Monday, July 14, 2008

The New Me

Alright, I'm trying this again. My friend, Amy Meeker, has this beautiful blog that she's using as a journal for her family. So, inspired by her, I'm going to attack this whole blog thing again from that perspective--a wonderful gift to give to my daughters someday. Because I am notoriously terrible at keeping up with posts, I will not be sharing this new me with anyone until I have firmly established a routine with it. So let us begin.
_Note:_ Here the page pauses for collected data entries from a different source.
lemma inner_ell_normal_unit:
  assumes "a \<noteq> 0" "b \<noteq> 0" "x^2 + y^2 = 1"
  shows "inner ((a*x', b*y') - (a*x, b*y)) (ell_normal a b (a*x, b*y)) = x*x' + y*y' - 1"
proof -
  have "inner ((a*x', b*y') - (a*x, b*y)) (ell_normal a b (a*x, b*y))
      = (a*x' - a*x)*(a*x/a^2) + (b*y' - b*y)*(b*y/b^2)"
    by (simp add: ell_normal_def)
  also have "\<dots> = (x' - x)*x + (y' - y)*y"
    using assms(1,2) by (simp add: field_simps power2_eq_square)
  also have "\<dots> = x*x' + y*y' - 1" using assms(3) by (simp add: algebra_simps power2_eq_square)
  finally show ?thesis .
qed

lemma billiard_bounce_unit:
  assumes "a \<noteq> 0" "b \<noteq> 0" "x^2 + y^2 = 1"
    and "billiard_bounce a b (a*xA, b*yA) (a*x, b*y) (a*xB, b*yB)"
  shows "(1 - (x*xA + y*yA)) / norm ((a*xA, b*yA) - (a*x, b*y))
    = (1 - (x*xB + y*yB)) / norm ((a*xB, b*yB) - (a*x, b*y))"
proof -
  have "(x*xA + y*yA - 1) / norm ((a*xA, b*yA) - (a*x, b*y))
      = (x*xB + y*yB - 1) / norm ((a*xB, b*yB) - (a*x, b*y))"
    using assms(4)
    unfolding billiard_bounce_def inner_scaleR_left inner_ell_normal_unit[OF assms(1-3)] by (simp add: divide_inverse_commute)
  then show ?thesis by (metis minus_diff_eq minus_divide_left)
qed

lemma norm_chord_unit_sq:
  assumes "x^2 + y^2 = 1" "x'^2 + y'^2 = 1"
  shows "(norm ((a*x', b*y') - (a*x, b*y)))^2
    = (1 - (x*x' + y*y'))*((a^2 + b^2) - (a^2 - b^2)*(x*x' - y*y'))"
proof -
  have "(norm ((a*x', b*y') - (a*x, b*y)))^2 = (a*x' - a*x)^2 + (b*y' - b*y)^2"
    by (simp add: norm_Pair)
  also have "\<dots> = (1 - (x*x' + y*y'))*((a^2 + b^2) - (a^2 - b^2)*(x*x' - y*y'))"
    using assms by algebra
  finally show ?thesis .
qed

lemma unit_inner_lt_1:
  fixes x y x' y' :: real
  assumes "x^2 + y^2 = 1" "x'^2 + y'^2 = 1" "(x, y) \<noteq> (x', y')"
  shows "x*x' + y*y' < 1"
proof -
  have "0 < (x - x')^2 + (y - y')^2" using assms(3) by (simp add: sum_power2_gt_zero_iff)
  also have "(x - x')^2 + (y - y')^2 = 2*(1 - (x*x' + y*y'))" using assms(1,2) by algebra
  finally show ?thesis by simp
qed

lemma unit_cross_nonzero:
  fixes x y x' y' :: real
  assumes "x^2 + y^2 = 1" "x'^2 + y'^2 = 1" "(x, y) \<noteq> (x', y')" "x*x' + y*y' \<noteq> -1"
  shows "x*y' - x'*y \<noteq> 0"
proof -
  have "(x*y' - x'*y)^2 = (1 - (x*x' + y*y'))*(1 + (x*x' + y*y'))" using assms(1,2) by algebra
  moreover have "1 - (x*x' + y*y') \<noteq> 0" using unit_inner_lt_1[OF assms(1-3)] by simp
  moreover have "1 + (x*x' + y*y') \<noteq> 0" using assms(4) by linarith
  ultimately have "(x*y' - x'*y)^2 \<noteq> 0" by simp
  then show ?thesis by simp
qed

lemma chord_relation_unit:
  assumes "x^2 + y^2 = 1" "x'^2 + y'^2 = 1" "(x, y) \<noteq> (x', y')" "a \<noteq> 0" "b \<noteq> 0"
    and g: "(1 - (x*x' + y*y')) / norm ((a*x', b*y') - (a*x, b*y)) = g"
  shows "x*x' + y*y' - g^2*(a^2 - b^2)*(x*x' - y*y') = 1 - g^2*(a^2 + b^2)"
proof -
  define l where "l = norm ((a*x', b*y') - (a*x, b*y))"
  have "l \<noteq> 0" using assms(3-5) unfolding l_def by (auto simp: zero_prod_def)
  with g have "1 - (x*x' + y*y') = g*l" unfolding l_def by (simp add: field_simps)
  then have "(1 - (x*x' + y*y'))*(1 - (x*x' + y*y'))
      = (1 - (x*x' + y*y'))*(g^2*((a^2 + b^2) - (a^2 - b^2)*(x*x' - y*y')))"
    using norm_chord_unit_sq[OF assms(1,2), of a b] unfolding l_def
    by (simp add: power_mult_distrib power2_eq_square mult_ac)
  moreover have "1 - (x*x' + y*y') \<noteq> 0" using unit_inner_lt_1[OF assms(1-3)] by simp
  ultimately have "1 - (x*x' + y*y') = g^2*((a^2 + b^2) - (a^2 - b^2)*(x*x' - y*y'))" by simp
  then show ?thesis by algebra
qed

section \<open>Angles of the outer triangle\<close>

lemma tangent_line_unit:
  assumes "a \<noteq> 0" "b \<noteq> 0"
  shows "X \<in> tangent_line a b (a*x, b*y) \<longleftrightarrow> fst X / a * x + snd X / b * y = 1"
  using assms by (simp add: tangent_line_def power2_eq_square)

lemma outer_vertex_unit:
  assumes "a \<noteq> 0" "b \<noteq> 0" and unit: "x^2 + y^2 = 1" "x'^2 + y'^2 = 1"
    and cross: "x*y' - x'*y \<noteq> 0"
  shows "outer_vertex a b (a*x, b*y) (a*x', b*y')
    = (a*(x + x') / (1 + (x*x' + y*y')), b*(y + y') / (1 + (x*x' + y*y')))"
    (is "_ = ?V")
proof -
  define c where "c = 1 + (x*x' + y*y')"
  have "c*(1 - (x*x' + y*y')) = (x*y' - x'*y)^2" unfolding c_def using unit by algebra
  with cross have c: "c \<noteq> 0" by auto
  have "fst X / a * x + snd X / b * y = 1 \<and> fst X / a * x' + snd X / b * y' = 1 \<longleftrightarrow> X = ?V"
    for X
  proof
    assume "fst X / a * x + snd X / b * y = 1 \<and> fst X / a * x' + snd X / b * y' = 1"
    then have "(fst X / a * c - (x + x'))*(x*y' - x'*y) = 0"
      "(snd X / b * c - (y + y'))*(x*y' - x'*y) = 0"
      unfolding c_def using unit by algebra+
    with cross have "fst X / a * c = x + x'" "snd X / b * c = y + y'" by auto
    with assms(1,2) c show "X = ?V"
      unfolding c_def[symmetric] by (simp add: prod_eq_iff field_simps)
  next
    assume "X = ?V"
    with assms(1,2) have X: "fst X / a = (x + x') / c" "snd X / b = (y + y') / c"
      unfolding c_def by simp_all
    have "fst X / a * x + snd X / b * y = ((x + x')*x + (y + y')*y) / c"
      "fst X / a * x' + snd X / b * y' = ((x + x')*x' + (y + y')*y') / c"
      unfolding X using c by (simp_all add: field_simps)
    moreover have "(x + x')*x + (y + y')*y = c" "(x + x')*x' + (y + y')*y' = c"
      unfolding c_def using unit by algebra+
    ultimately show "fst X / a * x + snd X / b * y = 1 \<and> fst X / a * x' + snd X / b * y' = 1"
      using c by simp
  qed
  then show ?thesis unfolding outer_vertex_def tangent_line_unit[OF assms(1,2)] by simp
qed

lemma cos_vec_angle: "cos (vec_angle u v) = inner u v / (norm u * norm v)"
proof -
  have "\<bar>inner u v\<bar> \<le> norm u * norm v" by (rule Cauchy_Schwarz_ineq2)
  then have "\<bar>inner u v / (norm u * norm v)\<bar> \<le> 1"
    by (cases "norm u * norm v = 0") (simp_all add: abs_divide divide_le_eq_1)
  then show ?thesis unfolding vec_angle_def by (rule cos_arccos_abs)
qed

lemma vec_angle_scaleR:
  assumes "l \<noteq> 0"
  shows "vec_angle (l *\<^sub>R u) (l *\<^sub>R v) = vec_angle u v"
proof -
  have "norm (l *\<^sub>R u) * norm (l *\<^sub>R v) = \<bar>l\<bar>^2 * (norm u * norm v)"
    by (simp add: power2_eq_square mult_ac)
  then have "norm (l *\<^sub>R u) * norm (l *\<^sub>R v) = l^2 * (norm u * norm v)" by simp
  moreover have "inner (l *\<^sub>R u) (l *\<^sub>R v) = l^2 * inner u v" by (simp add: power2_eq_square)
  moreover have "l^2 \<noteq> 0" using assms by simp
  ultimately show ?thesis
    unfolding vec_angle_def by (simp only: mult_divide_mult_cancel_left_if if_False)
qed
Our family is in a strange time right now. In three weeks Brent will leave to begin his training before being deployed to Afghanistan. All total he will be gone for one year. Yep, there's that sickening feeling in my stomach again. One year. Yea, I know we have it really great compared to others. Yesterday Brent told me about a guy who has been deployed for a total of 40-some months so far. Can you imagine? But inspite of knowing the blessing that this will probably be Brent's only deployment and that he will be going to a relatively safe place I am still so sad. He is my best friend and my favorite person in the whole world, how can I even comprehend a year without seeing him face to face or touching him or watching him play with his girls? I can't imagine how Brent must feel at the thought of missing a whole year of Sage and Clare's life. This guy loves his family like you wouldn't believe. I know I will never, ever have to ask him to make more time for me or the girls--he's always there, always ready to play, always ready to help.
I could go on and on about the sadness in this whole situation but who wants to read about that and I really don't care to wade around in those murky waters for too long. I need to stay positive for myself, for Sage and Clare and mostly for Brent. I always say that so much about life is the choices we make including our attitudes. So I'm choosing to look for what God wants to teach me these next twelve months and I will look for the blessings that I know He'll send my way. But please Lord, make the time fly!